# Rom 11:26 and Calvin's view



## YXU (Nov 15, 2008)

And so all Israel, etc. Many understand this of the Jewish people, as though Paul had said, that religion would again be restored among them as before: but I extend the word Israel to all the people of God, according to this meaning, — “*When the Gentiles shall come in, the Jews also shall return from their defection to the obedience of faith; and thus shall be completed the salvation of the whole Israel of God, which must be gathered from both; and yet in such a way that the Jews shall obtain the first place, being as it were the first-born in God’s family*.” This interpretation seems to me the most suitable, because Paul intended here to set forth the completion of the kingdom of Christ, which is by no means to be confined to the Jews, but is to include the whole world. The same manner of speaking we find in Galatians 6:16. The Israel of God is what he calls the Church, gathered alike from Jews and Gentiles; and he sets the people, thus collected from their dispersion, in opposition to the carnal children of Abraham, who had departed from his faith.
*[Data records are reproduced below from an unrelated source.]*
(* Let $X,Y\in\Sigma^*$ and positions $i\le j$ and $i'\le j'$ in $[0,|Y|]$. Let $\mathcal{A}$ be an alignment of $X$ onto $Y[i\,.\,.\,j)$ and $\mathcal{A}'$ an alignment of $X$ onto $Y[i'\,.\,.\,j')$. If $\mathcal{A}$ and $\mathcal{A}'$, viewed as paths in the alignment graph of $X$ and $Y$, do not contain any common diagonal edge, then $\mathrm{selfed}(X)\le|i-i'|+\mathrm{ed}_{\mathcal{A}}(X,Y[i\,.\,.\,j))+\mathrm{ed}_{\mathcal{A}'}(X,Y[i'\,.\,.\,j'))+|j-j'|$.
   Context: $Y[i\,.\,.\,j)$ is the fragment $Y[i]\cdots Y[j-1]$. An alignment of $X$ onto $Y[i\,.\,.\,j)$ is a path in the grid graph on $[0,|X|]\times[0,|Y|]$ from $(0,i)$ to $(|X|,j)$ using steps $(1,0)$, $(0,1)$, $(1,1)$; the steps $(x,y)\to(x+1,y+1)$ are diagonal edges. Its unweighted cost counts steps $(1,0)$, $(0,1)$, and diagonal steps $(x,y)\to(x+1,y+1)$ with $X[x]\ne Y[y]$. A self-alignment of $X$ is an alignment of $X$ onto $X$ with no edge $(x,x)\to(x+1,x+1)$; $\mathrm{selfed}(X)$ is the minimum unweighted cost of a self-alignment. *)

theory Defs
  imports Main
begin

text \<open>Strings are lists. A path in the grid graph is the list of its vertices (x, y);
  its edges are the consecutive pairs.\<close>

definition edges :: "(nat \<times> nat) list \<Rightarrow> ((nat \<times> nat) \<times> (nat \<times> nat)) list" where
  "edges P = zip P (tl P)"

definition grid_step :: "nat \<times> nat \<Rightarrow> nat \<times> nat \<Rightarrow> bool" where
  "grid_step p q \<longleftrightarrow> q = (fst p + 1, snd p) \<or> q = (fst p, snd p + 1) \<or> q = (fst p + 1, snd p + 1)"

definition is_alignment :: "'a list \<Rightarrow> 'a list \<Rightarrow> nat \<Rightarrow> nat \<Rightarrow> (nat \<times> nat) list \<Rightarrow> bool" where
  "is_alignment X Y i j A \<longleftrightarrow>
     A \<noteq> [] \<and> hd A = (0, i) \<and> last A = (length X, j) \<and>
     (\<forall>p \<in> set A. fst p \<le> length X \<and> snd p \<le> length Y) \<and>
     (\<forall>e \<in> set (edges A). grid_step (fst e) (snd e))"

definition is_diag :: "(nat \<times> nat) \<times> (nat \<times> nat) \<Rightarrow> bool" where
  "is_diag e \<longleftrightarrow> snd e = (fst (fst e) + 1, snd (fst e) + 1)"

definition diag_edges :: "(nat \<times> nat) list \<Rightarrow> ((nat \<times> nat) \<times> (nat \<times> nat)) set" where
  "diag_edges A = {e \<in> set (edges A). is_diag e}"

definition align_cost :: "'a list \<Rightarrow> 'a list \<Rightarrow> (nat \<times> nat) list \<Rightarrow> nat" where
  "align_cost X Y A =
     sum_list (map (\<lambda>e. if is_diag e \<and> X ! fst (fst e) = Y ! snd (fst e) then 0 else 1) (edges A))"

definition is_self_alignment :: "'a list \<Rightarrow> (nat \<times> nat) list \<Rightarrow> bool" where
  "is_self_alignment X A \<longleftrightarrow> is_alignment X X 0 (length X) A \<and>
     (\<forall>x. ((x, x), (x + 1, x + 1)) \<notin> set (edges A))"

definition selfed :: "'a list \<Rightarrow> nat" where
  "selfed X = Min {align_cost X X A | A. is_self_alignment X A}"

end

theory Submission
  imports Defs
begin
lemma quadratic_nonneg_imp_discriminant_le:
  fixes a b c :: real
  assumes a: "0 \<le> a" and nonneg: "\<And>t. 0 \<le> a * t\<^sup>2 - 2 * b * t + c"
  shows "b\<^sup>2 \<le> a * c"
proof (cases "a = 0")
  case True
  have "b = 0"
  proof (rule ccontr)
    assume "b \<noteq> 0"
    then have "2 * b * ((c + 1) / (2 * b)) = c + 1"
      by simp
    then show False
      using nonneg[of "(c + 1) / (2 * b)"] True by simp
  qed
  then show ?thesis
    using True by simp
next
  case False
  with a have "0 < a"
    by simp
  have "a * (b / a)\<^sup>2 = b\<^sup>2 / a"
    using False by (simp add: power2_eq_square)
  moreover have "2 * b * (b / a) = 2 * (b\<^sup>2 / a)"
    by (simp add: power2_eq_square)
  ultimately have "b\<^sup>2 / a \<le> c"
    using nonneg[of "b / a"] by linarith
  then show ?thesis
    using \<open>0 < a\<close> by (simp add: pos_divide_le_eq mult.commute[of a c])
qed

lemma l2_add: "x \<in> l2 \<Longrightarrow> y \<in> l2 \<Longrightarrow> (\<lambda>j. x j + y j) \<in> l2"
  unfolding l2_def mem_Collect_eq
  by (rule summable_on_comparison_test[where f="\<lambda>i. 2 * (cmod (x i))\<^sup>2 + 2 * (cmod (y i))\<^sup>2"])
     (auto intro: summable_on_add summable_on_cmult_right cmod_add_squared_le)

lemma l2_scale: "x \<in> l2 \<Longrightarrow> (\<lambda>j. c * x j) \<in> l2"
  unfolding l2_def mem_Collect_eq norm_mult power_mult_distrib
  by (rule summable_on_cmult_right)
Although Calvin takes all Israel to be all the elect rather than all the Jews, but he doesn't deny the future restoration of the Jews at all. Is it actually a better solution than the view that all Israel to mean Israel as a nation and body in the future? 

I understand Calvin's view to be that the Israel of God (all th elect) will be complete by the final national conversion of the natural Israel as a body into the Christian church. 

Any thoughts and correction?

BTW, is the land restoration part of the national conversion of the Jews into the Christian church?


----------



## moral necessity (Nov 15, 2008)

I think Calvin gives some additional insight into his thoughts when you look at his commentary on the Galatians verse he cites in Romans. In Gal. 6:16, he says, "This (referring to "and upon the Israel of God") is an indirect ridicule of the vain boast of the false apostles, who vaunted of being the descendents of Abraham according to the flesh. There are two classes who bear this name, a pretended Israel, which appears to be so in sight of men,-and the Israel of God........In a word, he gives the appellation of _the Israel of God_ to those whom he formerly denominated the children of Abraham by faith (Gal. 3:29), and thus includes all believers, whether Jews or Gentiles, who were united into one church........they are not all Israel which are of Israel, neither because they are the seed of Abraham, are they all children."

in my opinion, I do not think Calvin believed in the restoration of the "nation" of Israel, but rather the incorporation of those Israelites into the church who have faith like Abraham. I think in Romans he is using the term "Jews" to refer to believing Jews, not Jews of the flesh. Many Jews underwent a hardening during the massive Gentile conversion through Paul, yet some of those Jews who were hardened for a season of time were truly elect, and would later repent and come to faith, as Rom. 11 speaks of.


----------



## YXU (Nov 17, 2008)

I noticed something that the Romans 11:26 issue has light to the way we interpretate certain scripture, in certain sense, it seems to be that many of the dispensational arguments seems to be right.


----------